DPPH (0.004 g) was dissolved in MeOH (100 mL) to obtain a concentration of 100 μM. Serial dilutions were carried out with stock solutions (150 μM) of the compounds in methanol to obtain final concentrations of 1, 2, 4, 8, 12, 16, 20, 24, and 30 μM in cuvette. Diluted solutions of compound and ascorbic acid (AA) (2 mL each) were mixed with methanolic DPPH solution (1 mL, 100 μM) and allowed to stand for 120 min for any reaction to occur. The absorbance was recorded at 517 nm on Shimadzu Pharmaspec UV–Vis spectrophotometer (model-1700). The experiment was performed in triplicate, and the average absorbance was noted for each concentration.
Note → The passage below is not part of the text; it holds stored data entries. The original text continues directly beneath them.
lemma Sn_ratio_diff_le:
  assumes ab: "(a, b) \<in> Sn n" and ab': "(a', b') \<in> Sn n'"
    and "cmod (a 0 - a' 0) \<le> \<epsilon>" "cmod (b m - b' m) \<le> \<epsilon>"
    and "1 / Re (a 0) \<le> D" "1 / Re (a' 0) \<le> D"
  shows "cmod (b m / a 0 - b' m / a' 0) \<le> \<epsilon> * (D + D\<^sup>2)"
proof -
  have a: "cmod (a 0) = Re (a 0)" "Re (a 0) > 0"
    using SnD(3,4)[OF ab] by (metis norm_of_real abs_of_pos)+
  have a': "cmod (a' 0) = Re (a' 0)" "Re (a' 0) > 0"
    using SnD(3,4)[OF ab'] by (metis norm_of_real abs_of_pos)+
  have "a 0 \<noteq> 0" "a' 0 \<noteq> 0"
    using a a' by auto
  have "b m / a 0 - b' m / a' 0 = (b m - b' m) * (1 / a 0) + b' m * (a' 0 - a 0) * (1 / a 0) * (1 / a' 0)"
    using \<open>a 0 \<noteq> 0\<close> \<open>a' 0 \<noteq> 0\<close> by (simp add: field_simps)
  then have "cmod (b m / a 0 - b' m / a' 0)
      \<le> cmod ((b m - b' m) * (1 / a 0)) + cmod (b' m * (a' 0 - a 0) * (1 / a 0) * (1 / a' 0))"
    by (metis norm_triangle_ineq)
  also have "\<dots> = cmod (b m - b' m) * (1 / Re (a 0))
      + cmod (b' m) * cmod (a 0 - a' 0) * (1 / Re (a 0)) * (1 / Re (a' 0))"
    by (simp only: norm_mult norm_divide norm_one a(1) a'(1) norm_minus_commute[of "a' 0"])
  also have "\<dots> \<le> \<epsilon> * D + 1 * \<epsilon> * D * D"
  proof -
    have "0 \<le> \<epsilon>" "0 \<le> D"
      using assms(3,5) a(2) norm_ge_zero[of "a 0 - a' 0"] by (smt (verit) divide_pos_pos)+
    then show ?thesis
      using assms(3-6) a(2) a'(2) Sn_coeff_le_1[OF ab', of m]
      by (intro add_mono mult_mono) auto
  qed
  finally show ?thesis
    by (simp add: algebra_simps power2_eq_square)
qed

lemma strip_diff_le:
  fixes m :: nat
  assumes ab: "(a, b) \<in> Sn n" and ab': "(a', b') \<in> Sn n'"
    and diff: "\<And>k. cmod (a k - a' k) \<le> \<epsilon> \<and> cmod (b k - b' k) \<le> \<epsilon>"
    and D: "1 / Re (a 0) \<le> D" "1 / Re (a' 0) \<le> D"
  defines "g \<equiv> b m / a 0" and "g' \<equiv> b' m / a' 0"
  shows "cmod (g - g') \<le> \<epsilon> * (D + D\<^sup>2)"
    and "cmod (step_a m (- g) a b k - step_a m (- g') a' b' k) \<le> \<epsilon> * (3 * (1 + D)\<^sup>2)"
    and "cmod (step_b m (- g) a b k - step_b m (- g') a' b' k) \<le> \<epsilon> * (3 * (1 + D)\<^sup>2)"
proof -
  show g: "cmod (g - g') \<le> \<epsilon> * (D + D\<^sup>2)"
    unfolding g_def g'_def using Sn_ratio_diff_le[OF ab ab' _ _ D] diff by blast
  then have "cmod (- g - - g') \<le> \<epsilon> * (D + D\<^sup>2)"
    by (simp add: norm_minus_commute)
  note step = step_diff_le[OF this diff Sn_coeff_le_1[OF ab]]
  have "0 \<le> \<epsilon>"
    using diff[of 0] norm_ge_zero[of "a 0 - a' 0"] by linarith
  moreover have "0 \<le> D"
    using D(1) SnD(4)[OF ab] by (smt (verit) divide_pos_pos)
  ultimately have "2 * \<epsilon> + 3 * (\<epsilon> * (D + D\<^sup>2)) \<le> \<epsilon> * (3 * (1 + D)\<^sup>2)"
    by (simp add: power2_eq_square algebra_simps)
  with step show "cmod (step_a m (- g) a b k - step_a m (- g') a' b' k) \<le> \<epsilon> * (3 * (1 + D)\<^sup>2)"
    and "cmod (step_b m (- g) a b k - step_b m (- g') a' b' k) \<le> \<epsilon> * (3 * (1 + D)\<^sup>2)"
    by (meson order_trans)+
qed

definition strip_lipschitz_const :: "nat \<Rightarrow> real \<Rightarrow> real" where
  "strip_lipschitz_const n D = (D + D\<^sup>2) * (\<Sum>k<n. (3 * (1 + D)\<^sup>2) ^ k)"

lemma strip_lipschitz_const_Suc:
  "strip_lipschitz_const (Suc m) D = D + D\<^sup>2 + 3 * (1 + D)\<^sup>2 * strip_lipschitz_const m D"
  unfolding strip_lipschitz_const_def sum.lessThan_Suc_shift
  by (simp add: sum_distrib_left algebra_simps del: sum.lessThan_Suc)

lemma strip_lipschitz_const_lt:
  assumes "D > 0" "n \<ge> 1"
  shows "strip_lipschitz_const n D < (3 * real n) ^ n * (1 + D) ^ (2 * n)"
proof -
  define R where "R = 3 * (1 + D)\<^sup>2"
  obtain p where p: "n = Suc p"
    using assms(2) by (cases n) auto
  have "1 \<le> (1 + D)\<^sup>2"
    using assms(1) by (simp add: one_le_power)
  then have R: "1 \<le> R"
    unfolding R_def by linarith
  have "(\<Sum>k<n. R ^ k) \<le> (\<Sum>k<n. R ^ p)"
    using p R by (intro sum_mono power_increasing) auto
  then have S: "(\<Sum>k<n. R ^ k) \<le> real n * R ^ p"
    by simp
  have "strip_lipschitz_const n D \<le> (D + D\<^sup>2) * (real n * R ^ p)"
    unfolding strip_lipschitz_const_def R_def[symmetric] using assms(1) S by (intro mult_left_mono) auto
  also have "\<dots> < (1 + D)\<^sup>2 * (real n * R ^ p)"
  proof (rule mult_strict_right_mono)
    show "D + D\<^sup>2 < (1 + D)\<^sup>2"
      using assms(1) by (simp add: power2_eq_square algebra_simps)
    show "0 < real n * R ^ p"
      using p R by simp
  qed
  also have "\<dots> = real n * 3 ^ p * (1 + D) ^ (2 * n)"
    by (simp add: R_def p power_mult_distrib power_mult[symmetric] power_add[symmetric] mult_ac)
  also have "\<dots> \<le> (3 * real n) ^ n * (1 + D) ^ (2 * n)"
  proof -
    have "real n \<le> real n ^ n" "(3::real) ^ p \<le> 3 ^ n"
      using p by (auto intro: power_increasing simp del: of_nat_Suc)
    then have "real n * 3 ^ p \<le> (3 * real n) ^ n"
      by (simp add: power_mult_distrib mult_mono mult.commute)
    then show ?thesis
      using assms(1) by (intro mult_right_mono) auto
  qed
  finally show ?thesis .
qed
The IC50 value, which is the concentration of the test compound that reduces 50 % of the initial free radical concentration, was calculated in μM. Ascorbic acid was used as the reference standard, at the same concentrations in methanol as were used for the tested compounds.